Increase in percentage of those who attempted to quit at follow-up versus before ban implementation
MONDAY, March 5, 2018 (HealthDay News) — Implementation of a ban on menthol cigarettes results in an increase in those attempting to quit, and an increase in use of other flavored tobacco or electronic-cigarette use, according to a study published online March 5 in JAMA Internal Medicine.
Michael Chaiton, Ph.D., from the Ontario Tobacco Research Unit in Canada, and colleagues recruited 325 past-month smokers from Sept. 12 through Dec. 21, 2016. Participants were contacted for follow-up beginning one month after implementation of the menthol cigarette ban (Jan. 1, 2017) through an online survey (206 were recontacted).
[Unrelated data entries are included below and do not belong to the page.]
(* In Setup A, fix $\tau\in\mathcal{O}$ and for $0\le i\le l-1$ define $H_{\tau,i}:M_{p^i\tau}\to M_{p^{i+1}\tau}$ by $H_{\tau,i}=F$ if $f(p^i\tau^* )\ge f(\tau^* )$ and $H_{\tau,i}=F+V'$ if $f(p^i\tau^* )<f(\tau^* )$. Assume (a) $\dim\big(\pi_\tau\circ H_{\tau,l-1}\circ\cdots\circ H_{\tau,0}(M_\tau)\big)=f(\tau^* )$, and (b) $w_{\tau'}$ is maximal for every $\tau'\in\mathcal{O}$ with $f(\tau'^* )<f(\tau^* )$. Then: (1) $H_{\tau,i}\circ\cdots\circ H_{\tau,0}(M_\tau)=M_{p^{i+1}\tau,f(\tau^* )}$ for all $0\le i\le l-1$; (2) $w_\tau$ is maximal; (3) $w_{\tau'}$ is maximal for every $\tau'\in\mathcal{O}$ with $f(\tau'^* )=f(\tau^* )$.
   Context: Setup A. Let $k_0=\overline{\mathbb{F}}_p$ with Frobenius $\sigma$. Let $\mathcal{O}$ be a finite set of size $l$ with a cyclic permutation $\tau'\mapsto p\tau'$ (so $\mathcal{O}=\{\tau,p\tau,\dots,p^{l-1}\tau\}$ and $p^l\tau=\tau$). Fix an integer $g\ge1$ and, for each $\tau'\in\mathcal{O}$, non-negative integers $f(\tau')$, $f(\tau'^* )$ with $f(\tau')+f(\tau'^* )=g$ (the notation $f(p^i\tau^* )$ means $f((p^i\tau)^* )$). Let $M=\bigoplus_{\tau'\in\mathcal{O}}M_{\tau'}$ where $M_{\tau'}$ has $k_0$-basis $e_{\tau',1},\dots,e_{\tau',g}$; write $M_{\tau',k}=\mathrm{Span}(e_{\tau',1},\dots,e_{\tau',k})$ and $M_{\tau',a,b}=\mathrm{Span}(e_{\tau',a},\dots,e_{\tau',b})$. For each $\tau'$ fix increasing sequences $j_{\tau',1}<\dots<j_{\tau',f(\tau')}$ and $i_{\tau',1}<\dots<i_{\tau',f(\tau'^* )}$ partitioning $\{1,\dots,g\}$, and let $w_{\tau'}\in\mathrm{Sym}_g$ be given by $w_{\tau'}(j_{\tau',k})=k$, $w_{\tau'}(i_{\tau',k})=f(\tau')+k$. Let $F:M\to M$ be the $\sigma$-semilinear map with $F(e_{\tau',j})=e_{p\tau',\,w_{\tau'}(j)-f(\tau')}$ if $w_{\tau'}(j)>f(\tau')$ and $F(e_{\tau',j})=0$ otherwise. Let $V':M\to M$ be the semilinear map with $V'(e_{\tau',j})=e_{p\tau',\,f(\tau'^* )+w_{\tau'}(j)}$ if $w_{\tau'}(j)\le f(\tau')$ and $V'(e_{\tau',j})=0$ otherwise. Let $Q_{\tau'}=\mathrm{Span}(e_{\tau',i_{\tau',k}})$, $Q^\vee_{\tau'^*}=\mathrm{Span}(e_{\tau',j_{\tau',k}})$ (so $M_{\tau'}=Q_{\tau'}\oplus Q^\vee_{\tau'^*}$), $Q=\bigoplus Q_{\tau'}$, and $\pi_{\tau'}:M_{\tau'}\to Q_{\tau'}$ the projection with kernel $Q^\vee_{\tau'^*}$. We say $w_{\tau'}$ is maximal if $i_{\tau',k}=k$ for all $1\le k\le f(\tau'^* )$, i.e. $w_{\tau'}(k)=f(\tau')+k$ for $k\le f(\tau'^* )$ and $w_{\tau'}(k)=k-f(\tau'^* )$ for $k>f(\tau'^* )$ (equivalently $\ker F\cap M_{\tau',f(\tau'^* )}=0$; this is the permutation of maximal length). *)

theory Defs
  imports Main "HOL-Library.Function_Algebras" "HOL-Computational_Algebra.Polynomial"
begin

text \<open>The orbit O is indexed by residues c in {0..<l}; index c stands for
  p^c tau_0, so the Frobenius action c |-> p c is c |-> (c+1) mod l.  For an index c,
  f c = f(tau') and fs c = f(tau'^*).  Each M_{tau'} is modelled as the space of
  functions nat => k supported on the basis indices {1..g}; e_j is the j-th indicator.\<close>

type_synonym 'k vect = "nat \<Rightarrow> 'k"

definition bvec :: "nat \<Rightarrow> 'k::field vect" where
  "bvec j = (\<lambda>x. if x = j then 1 else 0)"

definition scal :: "'k::field \<Rightarrow> 'k vect \<Rightarrow> 'k vect" where
  "scal a u = (\<lambda>x. a * u x)"

text \<open>M_{tau',k} = Span(e_1,...,e_k); M_{tau'} = Msub g.\<close>
definition Msub :: "nat \<Rightarrow> 'k::field vect set" where
  "Msub k = {v. \<forall>j. (j < 1 \<or> k < j) \<longrightarrow> v j = 0}"

text \<open>The permutation w_{tau'} built from the sequences J (the j's, length fc) and
  I (the i's, length fsc).\<close>
definition wperm :: "nat \<Rightarrow> nat \<Rightarrow> (nat \<Rightarrow> nat) \<Rightarrow> (nat \<Rightarrow> nat) \<Rightarrow> nat \<Rightarrow> nat" where
  "wperm fc fsc J I j =
     (if \<exists>k\<in>{1..fc}. J k = j then (THE k. k \<in> {1..fc} \<and> J k = j)
      else fc + (THE k. k \<in> {1..fsc} \<and> I k = j))"

definition Fmap :: "('k::field \<Rightarrow> 'k) \<Rightarrow> nat \<Rightarrow> nat \<Rightarrow> nat \<Rightarrow> (nat \<Rightarrow> nat) \<Rightarrow> (nat \<Rightarrow> nat)
                    \<Rightarrow> 'k vect \<Rightarrow> 'k vect" where
  "Fmap \<sigma> g fc fsc J I v =
     (\<Sum>j\<in>{1..g}. scal (\<sigma> (v j))
        (if fc < wperm fc fsc J I j then bvec (wperm fc fsc J I j - fc) else 0))"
The researchers found that before the ban, 59.7 percent of menthol smokers said that they would switch to or only use nonmenthol cigarettes; at follow-up, only 28.2 percent had done so. In contrast, 29.1 percent attempted to quit at follow-up, compared with 14.5 percent who intended to do so before the ban. Compared with pre-ban plans (5.8 percent), a larger proportion (29.1 percent) reported using other flavored tobacco or e-cigarette products. Participants were less likely to anticipate using other flavored products after the ban. Of those who made a quit attempt, 80.0 percent of those who primarily smoked menthol cigarettes at baseline versus 25.6 percent of those who smoked menthol cigarettes only occasionally suggested that the ban affected their decision to quit.
“The initial results suggest that removing menthol tobacco from the market is a feasible strategy that may influence cessation behavior,” the authors write.
One author served as a paid consultant in litigation against the tobacco industry, and is named on a patent application for a device that measures the puffing behavior of electronic cigarette users.